I am very close to interjecting a bovine scatological expression. And you talk about right and wrong. I've seen this in a number of places recently: Now that the number of stateless persons has dropped to near zero, it seems safe to intimate that that "right-wingers" called the shots in the early 1990s, that maybe there was discrimination.
This is not really true. And if we agree on 1918 and 1939, let's not start watering down 1991 with half-truths. If a country has lost control of its borders and customs, whether it is for a few weeks, months or years, or even 46 years, the people who cross in the interim DO NOT get to stay and enjoy full rights. That is a risk that they take. Ignorance of the law is no excuse. I do not care if the migrants were lackeys of, or completely brainwashed by, the Soviet regime. Full stop.
The fact that Estonia and Latvia were as forthcoming as they were toward the migrants deserves to be bluntly commended.
And on Thatcher (and by extension Reagan): Mr. Usackas can speak for himself. He is not speaking for the people who tasted totalitarian rule and would not wish the Western version of the gerontocracy on anyone either.
Gavin,
I think the bottomline in regards to 1992 is that there were no good options. To me, the real "legitimacy test" is that the Moderates also agreed that the only way to deal with the citizenship issue was to return to the 1938 citizenship law. Even Marju Lauristin agreed that the 1938 law was the only one with legitimacy. A right-wing, ethno-nationalist she is not.

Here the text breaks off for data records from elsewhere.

fun path_act :: "('v, 'e) lpa_gen \<Rightarrow> 'e list \<Rightarrow> 'e list option" where
  "path_act (Vx v) p = (if path_source p = v then Some p else None)"
| "path_act (Ed e) p = (if e \<in> E1 \<and> r e = path_source p then Some (e # p) else None)"
| "path_act (Gh e) p = (case p of [] \<Rightarrow> None | e' # p' \<Rightarrow> if e' = e then Some p' else None)"

sublocale partial_action path_act .

lemma path_act_preserves_path: "is_path p \<Longrightarrow> path_act g p = Some q \<Longrightarrow> is_path q"
  by (cases g) (auto split: if_splits list.splits)

lemma path_source_in_vertices: "is_path p \<Longrightarrow> path_source p \<in> E0"
  using graph sink by (cases p) (auto simp: graph_def sink_def)

abbreviation paths :: "'e list set" where "paths \<equiv> {p. is_path p}"

lemma vertex_relation_annihilates:
  assumes "v \<in> E0" "finite {e \<in> E1. s e = v}" "{e \<in> E1. s e = v} \<noteq> {}"
  shows "fa_gen (Vx v) \<ominus>\<^bsub>free_alg\<^esub>
      finsum free_alg (\<lambda>e. fa_gen (Ed e) \<otimes>\<^bsub>free_alg\<^esub> fa_gen (Gh e)) {e \<in> E1. s e = v}
    \<in> (annihilator paths :: (_ \<Rightarrow> 'k::field) set)"
proof (rule minus_in_annihilatorI)
  let ?A = "{e \<in> E1. s e = v}"
  let ?F = "\<lambda>e. fa_gen (Ed e) \<otimes>\<^bsub>free_alg\<^esub> fa_gen (Gh e) :: _ \<Rightarrow> 'k"
  have F: "?F \<in> ?A \<rightarrow> carrier free_alg" by (simp add: fa_gen_in_carrier)
  then show "finsum free_alg ?F ?A \<in> carrier free_alg" by (rule free_alg.finsum_closed)
  fix p q assume p: "p \<in> paths"
  have "(\<Sum>e\<in>?A. coeff (?F e) p q) = coeff (fa_gen (Vx v)) p q"
  proof (cases p)
    case Nil
    have "v \<noteq> w" using assms(3) sink by (auto simp: sink_def)
    then show ?thesis using Nil by (simp add: coeff_gen coeff_gen_mult_gen)
  next
    case (Cons e0 p')
    then have "(\<Sum>e\<in>?A. coeff (?F e) p q) = (\<Sum>e\<in>?A. if e = e0 then of_bool (q = p) else 0)"
      using p by (intro sum.cong) (auto simp: coeff_gen_mult_gen)
    then show ?thesis using Cons p assms(2) by (simp add: coeff_gen)
  qed
  then show "coeff (fa_gen (Vx v)) p q = coeff (finsum free_alg ?F ?A) p q"
    by (simp add: coeff_finsum[OF assms(2) F])
qed (rule fa_gen_in_carrier)
lemma scaled_cols_change_of_basis:
  fixes u w u' w' :: R2
  assumes s: "0 < s" "s \<le> 1" and det: "0 < d" "d \<le> \<bar>det (cols u w)\<bar>"
    and U: "norm u \<le> U" and W: "norm w \<le> W"
    and u': "norm (u' - (1 - e) *\<^sub>R u) \<le> \<eta> * s\<^sup>2" and w': "norm (w' - w) \<le> \<eta> * s"
  obtains f11 f12 f21 f22
  where "s *\<^sub>R u' = (1 + f11) *\<^sub>R (s *\<^sub>R u) + f21 *\<^sub>R (s^3 *\<^sub>R w)"
    and "s^3 *\<^sub>R w' = f12 *\<^sub>R (s *\<^sub>R u) + (1 + f22) *\<^sub>R (s^3 *\<^sub>R w)"
    and "\<bar>f11\<bar> + \<bar>f12\<bar> + \<bar>f21\<bar> + \<bar>f22\<bar> \<le> \<bar>e\<bar> + 2 * (U + W) * \<eta> / d"
proof -
  have "0 \<le> \<eta> * s" using w' norm_ge_zero order_trans by blast
  then have "0 \<le> \<eta>" using s by (simp add: zero_le_mult_iff)
  moreover have "0 \<le> U" "0 \<le> W" using U W norm_ge_zero order_trans by blast+
  ultimately have A: "0 \<le> \<eta> * W / d" and B: "0 \<le> U * \<eta> / d" using det by simp_all
  obtain \<alpha>R \<beta>R where R: "u' - (1 - e) *\<^sub>R u = \<alpha>R *\<^sub>R u + \<beta>R *\<^sub>R w"
    and \<alpha>R: "\<bar>\<alpha>R\<bar> \<le> \<eta> * s\<^sup>2 * W / d" and \<beta>R: "\<bar>\<beta>R\<bar> \<le> U * (\<eta> * s\<^sup>2) / d"
    by (rule cols_coordinates_le[OF det U W u'])
  obtain \<alpha>V \<beta>V where V: "w' - w = \<alpha>V *\<^sub>R u + \<beta>V *\<^sub>R w"
    and \<alpha>V: "\<bar>\<alpha>V\<bar> \<le> \<eta> * s * W / d" and \<beta>V: "\<bar>\<beta>V\<bar> \<le> U * (\<eta> * s) / d"
    by (rule cols_coordinates_le[OF det U W w'])
  have s2: "s\<^sup>2 \<le> 1" "0 < s\<^sup>2" "s^3 \<le> 1" using s by (simp_all add: power_le_one)
  show thesis
  proof (rule that[of "\<alpha>R - e" "\<beta>R / s\<^sup>2" "s\<^sup>2 * \<alpha>V" \<beta>V])
    have "u' = (1 + (\<alpha>R - e)) *\<^sub>R u + \<beta>R *\<^sub>R w"
      using R by (simp add: algebra_simps)
    moreover have "\<beta>R / s\<^sup>2 * s^3 = \<beta>R * s"
      using s by (simp add: power2_eq_square power3_eq_cube)
    ultimately show "s *\<^sub>R u' = (1 + (\<alpha>R - e)) *\<^sub>R (s *\<^sub>R u) + (\<beta>R / s\<^sup>2) *\<^sub>R (s^3 *\<^sub>R w)"
      by (simp add: scaleR_add_right mult.commute)
    show "s^3 *\<^sub>R w' = (s\<^sup>2 * \<alpha>V) *\<^sub>R (s *\<^sub>R u) + (1 + \<beta>V) *\<^sub>R (s^3 *\<^sub>R w)"
      using V by (simp add: power2_eq_square power3_eq_cube algebra_simps eq_diff_eq)
    have "\<bar>\<alpha>R\<bar> \<le> s\<^sup>2 * (\<eta> * W / d)" "\<bar>s\<^sup>2 * \<alpha>V\<bar> \<le> s^3 * (\<eta> * W / d)"
      using \<alpha>R mult_left_mono[OF \<alpha>V, of "s\<^sup>2"] by (simp_all add: abs_mult power2_eq_square power3_eq_cube mult_ac)
    then have "\<bar>\<alpha>R\<bar> \<le> \<eta> * W / d" "\<bar>s\<^sup>2 * \<alpha>V\<bar> \<le> \<eta> * W / d"
      using mult_left_le_one_le[OF A _ s2(1)] mult_left_le_one_le[OF A _ s2(3)] s by simp_all
    moreover have "\<bar>\<beta>R / s\<^sup>2\<bar> \<le> U * \<eta> / d"
      using \<beta>R s2(2) by (simp add: abs_divide divide_le_eq mult_ac)
    moreover have "\<bar>\<beta>V\<bar> \<le> s * (U * \<eta> / d)" using \<beta>V by (simp add: mult_ac)
    then have "\<bar>\<beta>V\<bar> \<le> U * \<eta> / d" using mult_left_le_one_le[OF B _ s(2)] s by simp
    moreover have "2 * (\<eta> * W / d) + 2 * (U * \<eta> / d) = 2 * (U + W) * \<eta> / d"
      using det(1) by (simp add: field_simps)
    ultimately show "\<bar>\<alpha>R - e\<bar> + \<bar>s\<^sup>2 * \<alpha>V\<bar> + \<bar>\<beta>R / s\<^sup>2\<bar> + \<bar>\<beta>V\<bar> \<le> \<bar>e\<bar> + 2 * (U + W) * \<eta> / d"
      by linarith
  qed
qed
(* There exists a constant $C>0$ such that for every sufficiently large $n$ and any two $n$-vertex $3$-uniform generalised hedgehogs $H,H'$ we have \[R(H,H')\le C n^{3/2}.\]
   Context: A $3$-graph is a $3$-uniform hypergraph. For $3$-graphs $G,H$, the ($2$-colour) Ramsey number $R(G,H)$ is the least $N$ such that every colouring of the edges of the complete $3$-graph on $N$ vertices with red and blue contains a blue copy of $G$ or a red copy of $H$. A (generalised) hedgehog is a $3$-graph on vertex set $B\sqcup S$ ($B$ the body, $S$ the spikes) in which every edge consists of one spike and two body vertices, and every spike lies in exactly one edge (different spikes may be attached to the same pair of body vertices, and some pairs of body vertices may have no spike). *)

theory Defs
  imports Complex_Main
begin

definition three_graph :: "'a set \<Rightarrow> 'a set set \<Rightarrow> bool" where
  "three_graph V E \<longleftrightarrow> finite V \<and> (\<forall>e\<in>E. e \<subseteq> V \<and> card e = 3)"

definition gen_hedgehog :: "'a set \<Rightarrow> 'a set set \<Rightarrow> bool" where
  "gen_hedgehog V E \<longleftrightarrow> three_graph V E \<and>
     (\<exists>B S. B \<inter> S = {} \<and> B \<union> S = V \<and>
        (\<forall>e\<in>E. card (e \<inter> S) = 1 \<and> card (e \<inter> B) = 2) \<and>
        (\<forall>s\<in>S. \<exists>!e. e \<in> E \<and> s \<in> e))"

text \<open>A red/blue colouring of the complete 3-graph on {0..<N} is a map c from sets to bool
  (only its values on 3-subsets of {0..<N} matter); c e = True means e is red,
  c e = False means e is blue.\<close>
definition has_copy :: "nat \<Rightarrow> (nat set \<Rightarrow> bool) \<Rightarrow> bool \<Rightarrow> 'a set \<Rightarrow> 'a set set \<Rightarrow> bool" where
  "has_copy N c col V E \<longleftrightarrow>
     (\<exists>f. inj_on f V \<and> f ` V \<subseteq> {0..<N} \<and> (\<forall>e\<in>E. c (f ` e) = col))"

definition ramsey3 :: "'a set \<Rightarrow> 'a set set \<Rightarrow> 'b set \<Rightarrow> 'b set set \<Rightarrow> nat" where
  "ramsey3 V E V' E' = (LEAST N. \<forall>c. has_copy N c False V E \<or> has_copy N c True V' E')"

end

theory Submission
  imports Defs
begin

(* Call y a poor partner of x in a colour if fewer than n triples {x,y,z} have that colour.
   If x had 2n poor blue partners P and 2n poor red partners Q, then of the 4n^2 triples
   {x,y,z} with y in P and z in Q at most 2n(n-1) could be blue and at most 2n(n-1) red.  So
   every vertex has fewer than 2n poor partners in some colour, and for N = 2(n + 2dn) + 2 one
   colour has more than n + 2dn vertices of this kind.  The body graph of an n-vertex hedgehog
   has at most n edges, hence is d-degenerate for d = floor (sqrt (2n)), and embeds greedily
   into these vertices with no spiked pair sent to poor partners.  Every image pair then lies
   in at least n triples of the colour, enough to place all spikes greedily on distinct
   vertices.  As d is about sqrt (2n), this gives N = O(n^(3/2)). *)

lemma greedy_distinct_representatives:
  assumes "finite S" "finite X"
    and "\<forall>s\<in>S. finite (A s) \<and> card S + card X \<le> card (A s)"
  shows "\<exists>h. inj_on h S \<and> (\<forall>s\<in>S. h s \<in> A s - X)"
  using assms
proof (induction S rule: finite_induct)
  case empty
  then show ?case by simp
next
  case (insert s S)
  then obtain h where h: "inj_on h S" "\<forall>t\<in>S. h t \<in> A t - X"
    by fastforce
  have "card (X \<union> h ` S) \<le> card X + card S"
    by (meson add_left_mono card_Un_le card_image_le insert.hyps(1) order_trans)
  also have "\<dots> < card (A s)"
    using insert.hyps insert.prems(2) by simp
  finally have "\<not> A s \<subseteq> X \<union> h ` S"
    using insert.hyps(1) insert.prems(1) by (meson card_mono finite_UnI finite_imageI not_le)
  then obtain w where w: "w \<in> A s" "w \<notin> X \<union> h ` S"
    by blast
  have "inj_on (h(s := w)) (insert s S)"
    using h(1) w(2) insert.hyps(2) by (auto simp: inj_on_def)
  moreover have "\<forall>t\<in>insert s S. (h(s := w)) t \<in> A t - X"
    using h(2) w insert.hyps(2) by auto
  ultimately show ?case
    by blast
qed

definition degenerate :: "nat \<Rightarrow> 'a set set \<Rightarrow> 'a set \<Rightarrow> bool" where
  "degenerate d G T \<longleftrightarrow> (\<forall>T'\<subseteq>T. T' \<noteq> {} \<longrightarrow> (\<exists>v\<in>T'. card {u\<in>T'. {v,u} \<in> G} \<le> d))"
text \<open>Cohomologous cocycles f_gamma, f_gamma' in H^1(C/R, Gamma(N)):
  gamma' = tilde(g)^{-1} gamma g for some g in Gamma(N), written
  multiplicatively as tilde(g) gamma' = gamma g.\<close>
definition cohomologous :: "int \<Rightarrow> ('n::finite) blk \<Rightarrow> 'n blk \<Rightarrow> bool" where
  "cohomologous N \<gamma> \<gamma>' \<longleftrightarrow> (\<exists>g \<in> Gamma N. sp_mult (tilde g) \<gamma>' = sp_mult \<gamma> g)"

record 'n rppav =
  lat  :: "(complex^'n) set"
  herm :: "complex^'n \<Rightarrow> complex^'n \<Rightarrow> complex"
  kap  :: "complex^'n \<Rightarrow> complex^'n"
  lvlU :: "'n \<Rightarrow> complex^'n"
  lvlV :: "'n \<Rightarrow> complex^'n"

definition pos_def_hermitian :: "(complex^'n \<Rightarrow> complex^'n \<Rightarrow> complex) \<Rightarrow> bool" where
  "pos_def_hermitian H \<longleftrightarrow>
     (\<forall>u u' v. H (u + u') v = H u v + H u' v) \<and>
     (\<forall>c u v. H (c *s u) v = c * H u v) \<and>
     (\<forall>u v. H v u = cnj (H u v)) \<and>
     (\<forall>u. u \<noteq> 0 \<longrightarrow> Re (H u u) > 0 \<and> Im (H u u) = 0)"
lemma (in prob_space) kolmogorov_maximal_inequality:
  fixes X :: "nat \<Rightarrow> 'a \<Rightarrow> real"
  assumes ind: "indep_vars (\<lambda>_. borel) X {..<n}"
    and bnd: "\<And>i \<omega>. i < n \<Longrightarrow> \<omega> \<in> space M \<Longrightarrow> \<bar>X i \<omega>\<bar> \<le> B"
    and mean: "\<And>i. i < n \<Longrightarrow> expectation (X i) = 0"
    and eps: "\<epsilon> > 0"
  shows "prob {\<omega>\<in>space M. \<exists>k\<le>n. \<epsilon> \<le> \<bar>\<Sum>i<k. X i \<omega>\<bar>}
     \<le> (\<Sum>i<n. expectation (\<lambda>\<omega>. (X i \<omega>)\<^sup>2)) / \<epsilon>\<^sup>2"
proof -
  have rv[measurable]: "X i \<in> borel_measurable M" if "i < n" for i
    using ind that unfolding indep_vars_def by auto
  define S where "S k \<omega> = (\<Sum>i<k. X i \<omega>)" for k \<omega>
  define W where "W k \<omega> = first_hit \<epsilon> k (\<lambda>i. X i \<omega>)" for k \<omega>
  define E where "E = {\<omega>\<in>space M. \<exists>k\<le>n. \<epsilon> \<le> \<bar>S k \<omega>\<bar>}"
  have [measurable]: "S k \<in> borel_measurable M" if "k \<le> n" for k
    unfolding S_def using that by (intro borel_measurable_sum rv) auto
  have [measurable]: "W k \<in> borel_measurable M" if "k \<le> n" for k
    unfolding W_def using that by (intro first_hit_measurable_comp rv) auto
  have "\<bar>S k \<omega>\<bar> \<le> real k * B" if "k \<le> n" "\<omega> \<in> space M" for k \<omega>
    unfolding S_def using that bnd
    by (intro order.trans[OF sum_abs] order.trans[OF sum_bounded_above[of _ _ B]]) auto
  then have S_bnd: "(S k \<omega>)\<^sup>2 \<le> (real k * B)\<^sup>2" if "k \<le> n" "\<omega> \<in> space M" for k \<omega>
    using power_mono[OF _ abs_ge_zero, of _ _ 2] that by fastforce
  have int_SW: "integrable M (\<lambda>\<omega>. (S k \<omega>)\<^sup>2 * W k \<omega>)" if "k \<le> n" for k
    using that S_bnd[OF that]
    by (intro integrable_const_bound[where B="(real k * B)\<^sup>2"] AE_I2)
      (auto simp: W_def first_hit_def)
  have int_W: "integrable M (\<lambda>\<omega>. \<epsilon>\<^sup>2 * W k \<omega>)" if "k \<le> n" for k
    using that
    by (intro integrable_const_bound[where B="\<epsilon>\<^sup>2"] AE_I2) (auto simp: W_def first_hit_def)
  have indicator_E: "indicator E \<omega> = (\<Sum>k\<le>n. W k \<omega>)" if "\<omega> \<in> space M" for \<omega>
    using that unfolding W_def sum_first_hit by (simp add: E_def S_def indicator_def)
  have "\<epsilon>\<^sup>2 * prob E = expectation (\<lambda>\<omega>. \<epsilon>\<^sup>2 * indicator E \<omega>)"
    unfolding E_def by simp
  also have "\<dots> = (\<Sum>k\<le>n. expectation (\<lambda>\<omega>. \<epsilon>\<^sup>2 * W k \<omega>))"
    using int_W
    by (simp add: indicator_E sum_distrib_left Bochner_Integration.integral_sum[symmetric]
        cong: Bochner_Integration.integral_cong)
  also have "\<dots> \<le> (\<Sum>k\<le>n. expectation (\<lambda>\<omega>. (S k \<omega>)\<^sup>2 * W k \<omega>))"
  proof (intro sum_mono integral_mono)
    fix k \<omega>
    have "W k \<omega> = 1 \<Longrightarrow> \<epsilon> \<le> \<bar>S k \<omega>\<bar>" and "W k \<omega> = 0 \<or> W k \<omega> = 1"
      by (auto simp: W_def S_def first_hit_def split: if_splits)
    then show "\<epsilon>\<^sup>2 * W k \<omega> \<le> (S k \<omega>)\<^sup>2 * W k \<omega>"
      using eps power_mono[of \<epsilon> "\<bar>S k \<omega>\<bar>" 2] by auto
  qed (use int_W int_SW in auto)
  also have "\<dots> \<le> (\<Sum>i<n. expectation (\<lambda>\<omega>. (X i \<omega>)\<^sup>2))"
    unfolding S_def W_def by (rule sum_expectation_first_hit_le[OF ind bnd mean])
  finally show ?thesis using eps unfolding E_def S_def by (simp add: field_simps)
qed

When I think about what happened to Estonia after 1940, I am surprised that Europe didn't have another Kosovo situation on its hands. I mean, you had a situation like in Narva, where the whole city was destroyed, and the native population was removed or deported, then the city was repopulated by the country that did the destroying and deporting. What is that called? Colonization? Population transfer? Most countries don't usually have to deal with situations like that.
So, we should be all glad things have worked out as well as they have. Chalk it up to nordic character or the allure of European values. Next year's presidential ball is in Jõhvi. Yay, Estonia.